У Тибора кружилась голова, когда его положили на носилки и вынесли из дома. Он боялся, что окажется в печально известном храме смерти – последней остановке на пути многих солдат здесь. Но вместо этого его положили в грузовик, вывезли за ворота и отвезли в самый обычный дом на окраине Пектона – госпиталь, где на полу лежало еще человек десять. Ему дали какую-то таблетку, которая на время успокоила боль и сняла опухоль.
Китайская медсестра, невысокая женщина с кукольным лицом и тонкой фигуркой, каждый день приходила в этот «больной дом». Она почти ничего не делала, разве что проверяла их пульс, но парни ждали ее и спустя несколько дней рассматривали ее невозмутимость и спокойствие как вызов. Как только она выходила за дверь, они начинали спорить, кто первый осмелится тронуть ее за задницу. Впрочем, все это были разговоры – никто пока что так и не сделал этого.
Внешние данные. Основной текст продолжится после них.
lemma fourier_gauss_window:
  fixes a :: "'a::euclidean_space"
  assumes "\<sigma> > 0"
  shows "fourier (\<lambda>\<xi>. complex_of_real (gauss_window \<sigma> \<xi>)) a = complex_of_real (gauss_kernel \<sigma> a)"
proof -
  interpret P: product_sigma_finite "\<lambda>_::'a. lborel::real measure"
    unfolding product_sigma_finite_def by (simp add: sigma_finite_lborel)
  define h where
    "h b u = exp (- \<i> * complex_of_real ((a \<bullet> b) * u)) * complex_of_real (exp (- (u / \<sigma>)\<^sup>2 / 2))"
    for b u
  have h_integrable: "integrable lborel (h b)" for b
    using integrable_exp_neg_square[OF assms]
  proof (rule Bochner_Integration.integrable_bound)
    show "AE u in lborel. norm (h b u) \<le> norm (exp (- (u / \<sigma>)\<^sup>2 / 2))"
      unfolding h_def by (simp add: norm_mult norm_exp_eq_Re)
  qed (unfold h_def, measurable)
  have "fourier (\<lambda>\<xi>. complex_of_real (gauss_window \<sigma> \<xi>)) a
      = (\<integral>x. (\<lambda>\<xi>. exp (- \<i> * complex_of_real (\<xi> \<bullet> a)) * complex_of_real (gauss_window \<sigma> \<xi>))
               (\<Sum>b\<in>Basis. x b *\<^sub>R b) \<partial>(\<Pi>\<^sub>M b\<in>Basis. lborel))"
    unfolding fourier_def by (subst lborel_eq) (subst integral_distr, auto)
  also have "\<dots> = (\<integral>x. (\<Prod>b\<in>Basis. h b (x b)) \<partial>(\<Pi>\<^sub>M b\<in>Basis. lborel))"
  proof (rule Bochner_Integration.integral_cong[OF refl])
    fix x :: "'a \<Rightarrow> real"
    have "b \<in> Basis \<Longrightarrow> (\<Sum>b\<in>Basis. x b *\<^sub>R b) \<bullet> b = x b" for b
      by (simp add: inner_sum_left_Basis)
    then show "exp (- \<i> * complex_of_real ((\<Sum>b\<in>Basis. x b *\<^sub>R b) \<bullet> a))
               * complex_of_real (gauss_window \<sigma> (\<Sum>b\<in>Basis. x b *\<^sub>R b)) = (\<Prod>b\<in>Basis. h b (x b))"
      unfolding exp_inner_eq_prod_Basis[of _ a] gauss_window_eq_prod_Basis h_def prod.distrib of_real_prod
      by (intro arg_cong2[where f="(*)"] prod.cong) auto
  qed
  also have "\<dots> = (\<Prod>b\<in>Basis. integral\<^sup>L lborel (h b))"
    by (rule P.product_integral_prod) (auto intro: h_integrable)
  also have "\<dots> = complex_of_real (gauss_kernel \<sigma> a)"
    unfolding h_def gauss_kernel_def fourier_gaussian_real[OF assms] by simp
  finally show ?thesis .
qed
– Я ухвачу, – объявил Тибор однажды, просто чтобы положить конец болтовне. Он не знал, что ему за это будет. Да и вряд ли он почувствует что-нибудь – сил совсем не было. Но сама идея, что кто-то дотронется своей больной плотью до выпуклой задницы медсестры, привела комнату в беспокойство.
– Да ладно, Рубин, ты не сделаешь этого, – прозвучал усталый голос.
– Сделаю.
– Иисусе, – просвистел кто-то.
Все внимание было приковано к нему. «Сделаю, сделаю».
Весь вечер и следующее утро в комнате царило веселье – все ждали часа, когда придет медсестра.
Она вошла, тихая и собранная, как всегда. Все взгляды устремились на Рубина, пока миниатюрная женщина методично поднимала руку каждого больного, проверяла его пульс и тихо считала в течение минуты. Мужчины напряглись – каждая кисть стала частью напряженного отсчета.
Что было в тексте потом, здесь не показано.